(* Let $K=K_*\ge 2$ be the true (known) number of communities, $Z_*\in\mathcal M_{n,K}$ the true clustering matrix, and suppose Assumption A1 holds. Let $\hat Z$ be a solution (for this fixed $K$) of $$\min_{Z\in\mathcal M_{n,K},\,J}\Big\{\sum_{k,l=1}^K\big\|A^{(k,l)}(Z,K)-\Pi_{(1)}\big(\Pi_{J^{(k,l)}}(A^{(k,l)}(Z,K))\big)\big\|_F^2+\mathrm{Pen}(n,J,K)\Big\},$$ where $J$ ranges over sparsity families for $(Z,K)$ and $\mathrm{Pen}$ is one of the penalties $\mathrm{Pen}^{(s)}$, $\mathrm{Pen}^{(ns)}$ (with fixed constants $\beta_1,\beta_2>0$). There are absolute positive constants $H_1,H_2$, independent of $K,n,t,J_*,\breve J_*(Z),\delta_n,\alpha_n$, such that: if for some $\alpha_n\in(0,1/2)$, $\delta_n\in(0,1)$ and $t>0$, $$\|P_*\|_F^2\ge\max_{Z\in\Upsilon(Z_*,\delta_n)}\Big[(1+\alpha_n)\sum_{k,l=1}^K\|P_*^{(k,l)}(Z)\|_{op}^2+\frac{H_1}{\alpha_n}|\breve J_*(Z)|\ln\Big(\frac{nKe}{|\breve J_*(Z)|}\Big)\Big]+\frac{H_1}{\alpha_n}\big(|J_*|+n\ln K+t\big)+H_2|J_*|\ln\Big(\frac{nKe}{|J_*|}\Big),$$ then, with probability at least $1-2e^{-t}$, the proportion of nodes misclassified by $\hat Z$, namely $(2n)^{-1}\min_{\mathscr P_K\in\mathcal P_K}\|\hat Z\mathscr P_K-Z_*\|_1$, is at most $\delta_n$.
   Context: Network model: $A\in\{0,1\}^{n\times n}$ symmetric, $A_{ij}\sim\mathrm{Bernoulli}((P_* )_{ij})$ independent for $1\le i\le j\le n$, $A_{ji}=A_{ij}$, $P_*$ symmetric. $\mathcal M_{n,K}$: matrices $Z\in\{0,1\}^{n\times K}$ with one $1$ per row, $Z_{ik}=1$ iff node $i\in\mathcal N_k$, $Z^TZ=\mathrm{diag}(n_1,\dots,n_K)$, $n_k=|\mathcal N_k|$. $\mathscr P_{Z,K}$ is the permutation matrix reordering nodes by community; $B(Z,K)=\mathscr P_{Z,K}^TB\mathscr P_{Z,K}$ and $B^{(k,l)}(Z)=B^{(k,l)}(Z,K)\in\mathbb R^{n_k\times n_l}$ is its $(k,l)$ block (rows: nodes of $\mathcal N_k$, columns: nodes of $\mathcal N_l$). True model: $P_*^{(k,l)}(Z_* )=\Lambda_*^{(k,l)}(\Lambda_*^{(l,k)})^T$ where $\Lambda_*\in[0,1]^{n\times K}$ has column $l$ split into blocks $\Lambda_*^{(k,l)}\in[0,1]^{n_k}$ indexed by the nodes of community $k$ of $Z_*$. Assumption A1: for every $k$, the vectors $\Lambda_*^{(k,1)},\dots,\Lambda_*^{(k,K)}$ are linearly independent. $(J_* )_{k,l}=\{i:(\Lambda_*^{(k,l)})_i\ne0\}$, $|J_*|=\sum_{k,l}|(J_* )_{k,l}|$ (number of nonzero entries of $\Lambda_*$). For $Z\in\mathcal M_{n,K}$: $(\breve J_* )_{k,l}(Z)=\{i\in\mathcal N_k: (P_*^{(k,l)}(Z))_{ij}\neq0 \text{ for some } j\}$ and $|\breve J_*(Z)|=\sum_{k,l}|(\breve J_* )_{k,l}(Z)|$. A sparsity family for $(Z,K)$ is $J=(J_{k,l})$ with $J_{k,l}\subseteq\mathcal N_k$, $J^{(k,l)}=J_{k,l}\times J_{l,k}$, $|J|=\sum|J_{k,l}|$; $\Pi_{J^{(k,l)}}(X)$ sets entries of $X$ outside $J^{(k,l)}$ to zero; $\Pi_{(1)}(X)$ is the best rank-one approximation of $X$. Penalties (convention $0\ln(c/0)=0$): $\mathrm{Pen}^{(s)}=\beta_1\sum_{k,l}|J_{k,l}|\ln(n_ke/|J_{k,l}|)+\beta_2K\sum_k\ln n_k+\beta_2(n\ln K+\ln n)$; $\mathrm{Pen}^{(ns)}=\beta_1|J|\ln(nKe/|J|)+2\beta_2\ln n+\beta_2(n\ln K+\ln n)$. $\mathcal P_K$ is the set of $K\times K$ permutation matrices, and $\Upsilon(Z_*,\delta_n)=\{Z\in\mathcal M_{n,K}:(2n)^{-1}\min_{\mathscr P_K\in\mathcal P_K}\|Z\mathscr P_K-Z_*\|_1\ge\delta_n\}$; $\|\cdot\|_1$ is the entrywise $\ell_1$ norm. *)

theory Defs
  imports "HOL-Probability.Probability" "HOL-Combinatorics.Permutations"
begin
(* Let $r>1$, let $V:\mathbb{R}\to\mathbb{R}$ be convex and $L$-Lipschitz with $V'$ also $L$-Lipschitz, such that $m:=e^{-V}$ is a probability density, and let $\rho=e^{-(r+1)V}$. Let $0<c<C<\infty$ and $f\in\mathcal{P}_{c,C}$. Then there exists a constant $\lambda\ge 0$ depending only on $V$, $c$ and $C$ such that the functional $\mathcal{F}_\rho[g]:=\int_{\mathbb{R}}\frac{\rho(x)}{g(x)^r}\,dx$ is $(-\lambda)$-convex along the $W_2$-geodesic $(\mu_t)_{t\in[0,1]}$ linking $m$ and $f$, i.e. for all $t\in[0,1]$, $$\mathcal{F}_\rho[\mu_t]\le (1-t)\mathcal{F}_\rho[\mu_0]+t\,\mathcal{F}_\rho[\mu_1]+\frac{\lambda}{2}t(1-t)W_2(m,f)^2 .$$
   Context: $\mathcal{P}_{c,C}:=\{g\in\mathcal{P}(\mathbb{R}):\ c\,m\le g\le C\,m\}$. $W_2$ is the quadratic Wasserstein distance: $W_2(\mu,\nu)^2=\inf_\pi\int|x-y|^2\,d\pi$ over couplings $\pi$ of $\mu,\nu$. The $W_2$-geodesic from $\mu_0=m$ to $\mu_1=f$ is $\mu_t=((1-t)\mathrm{id}+tT)_\# m$, where $T=F_f^{-1}\circ F_m$ is the (monotone) optimal transport map from $m$ to $f$, $F$ denoting cumulative distribution functions. *)

theory Defs
  imports "HOL-Probability.Probability"
begin

definition quantile :: "real measure \<Rightarrow> real \<Rightarrow> real" where
  "quantile M u = Inf {x. u \<le> cdf M x}"

definition ot_map :: "real measure \<Rightarrow> real measure \<Rightarrow> real \<Rightarrow> real" where
  "ot_map \<mu> \<nu> = quantile \<nu> \<circ> cdf \<mu>"

definition w2_geodesic :: "real measure \<Rightarrow> real measure \<Rightarrow> real \<Rightarrow> real measure" where
  "w2_geodesic \<mu> \<nu> t = distr \<mu> lborel (\<lambda>x. (1 - t) * x + t * ot_map \<mu> \<nu> x)"
text \<open>With M the maximum of |x^T A x| on the unit ball, approximating a unit x by y in the net gives
  x^T A x = y^T A y + (x - y)^T A (x + y), whence M \<le> T + M \<epsilon> (2 + \<epsilon>).\<close>
lemma quad_form_bound_of_net:
  assumes fin: "finite I"
    and sym: "\<And>i i'. i \<in> I \<Longrightarrow> i' \<in> I \<Longrightarrow> A i i' = A i' i"
    and eps: "0 < \<epsilon>" "0 < 1 - 2*\<epsilon> - \<epsilon>\<^sup>2"
    and net: "\<And>x. sq_norm I x \<le> 1 \<Longrightarrow> \<exists>y\<in>S. sq_norm I (\<lambda>i. x i - y i) \<le> \<epsilon>\<^sup>2 \<and> sq_norm I y \<le> (1+\<epsilon>)\<^sup>2"
    and net_bound: "\<And>y. y \<in> S \<Longrightarrow> \<bar>bilinear_form A I y y\<bar> \<le> T"
  shows "\<bar>bilinear_form A I x x\<bar> \<le> T / (1 - 2*\<epsilon> - \<epsilon>\<^sup>2) * sq_norm I x"
proof -
  define B where "B = {x. sq_norm I x \<le> 1}"
  define Mx where "Mx = Sup ((\<lambda>x. \<bar>bilinear_form A I x x\<bar>) ` B)"
  have Mx_upper: "\<bar>bilinear_form A I x x\<bar> \<le> Mx" if "x \<in> B" for x
    unfolding Mx_def B_def
    by (rule cSup_upper) (use that bdd_above_quad_form_unit_ball[OF fin] in \<open>auto simp: B_def\<close>)
  have zero_in_B: "(\<lambda>i. 0) \<in> B" by (simp add: B_def sq_norm_def)
  have diag: "\<bar>bilinear_form A I v v\<bar> \<le> Mx * sq_norm I v" for v
    by (rule quad_form_bound_of_unit_ball[OF fin]) (simp add: Mx_upper B_def)
  have Mx_nonneg: "0 \<le> Mx" using Mx_upper[OF zero_in_B] by simp
  have step: "\<bar>bilinear_form A I x x\<bar> \<le> T + Mx * (\<epsilon> * (2 + \<epsilon>))" if "x \<in> B" for x
  proof -
    from that have x1: "sq_norm I x \<le> 1" by (simp add: B_def)
    from net[OF x1] obtain y where y: "y \<in> S" "sq_norm I (\<lambda>i. x i - y i) \<le> \<epsilon>\<^sup>2" "sq_norm I y \<le> (1+\<epsilon>)\<^sup>2"
      by blast
    have "bilinear_form A I x x = bilinear_form A I y y + bilinear_form A I (\<lambda>i. x i - y i) (\<lambda>i. x i + y i)"
      using bilinear_form_commute[OF sym, where x=x and y=y] by (simp add: bilinear_form_linear)
    moreover have "\<bar>bilinear_form A I (\<lambda>i. x i - y i) (\<lambda>i. x i + y i)\<bar>
        \<le> Mx * sqrt (sq_norm I (\<lambda>i. x i - y i)) * sqrt (sq_norm I (\<lambda>i. x i + y i))"
      by (rule bilinear_form_bound_of_diagonal[OF fin sym diag])
    moreover have "Mx * sqrt (sq_norm I (\<lambda>i. x i - y i)) * sqrt (sq_norm I (\<lambda>i. x i + y i))
        \<le> Mx * \<epsilon> * (2 + \<epsilon>)"
    proof (intro mult_mono mult_left_mono)
      show "sqrt (sq_norm I (\<lambda>i. x i - y i)) \<le> \<epsilon>"
        using sqrt_sq_norm_le[OF y(2)] eps by simp
      have "sqrt (sq_norm I (\<lambda>i. x i + y i)) \<le> sqrt (sq_norm I x) + sqrt (sq_norm I y)"
        using L2_set_triangle_ineq[of x y I] by (simp add: sqrt_sq_norm_eq_L2_set)
      also have "\<dots> \<le> 1 + (1 + \<epsilon>)"
        using sqrt_sq_norm_le[of I x 1] x1 sqrt_sq_norm_le[OF y(3)] eps by (intro add_mono) auto
      finally show "sqrt (sq_norm I (\<lambda>i. x i + y i)) \<le> 2 + \<epsilon>" by simp
    qed (use eps Mx_nonneg in \<open>auto simp: sq_norm_nonneg\<close>)
    ultimately show ?thesis
      using net_bound[OF y(1)] by (simp add: mult.assoc)
  qed
  have "Mx \<le> T + Mx * (\<epsilon> * (2 + \<epsilon>))"
    unfolding Mx_def by (rule cSup_least) (use zero_in_B step[unfolded Mx_def] in auto)
  then have "Mx * (1 - 2*\<epsilon> - \<epsilon>\<^sup>2) \<le> T" by (simp add: algebra_simps power2_eq_square)
  then have "Mx \<le> T / (1 - 2*\<epsilon> - \<epsilon>\<^sup>2)" using eps by (simp add: pos_le_divide_eq)
  then show ?thesis using diag[of x] sq_norm_nonneg[of I x]
    by (meson mult_right_mono order.trans)
qed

_ _ _ _ _

**WHAT TO PRODUCE**
Go through the records above and copy each line where "imports" is found.

**EXPECTED ANSWER**
  imports "HOL-Probability.Probability" "HOL-Combinatorics.Permutations"
  imports "HOL-Probability.Probability"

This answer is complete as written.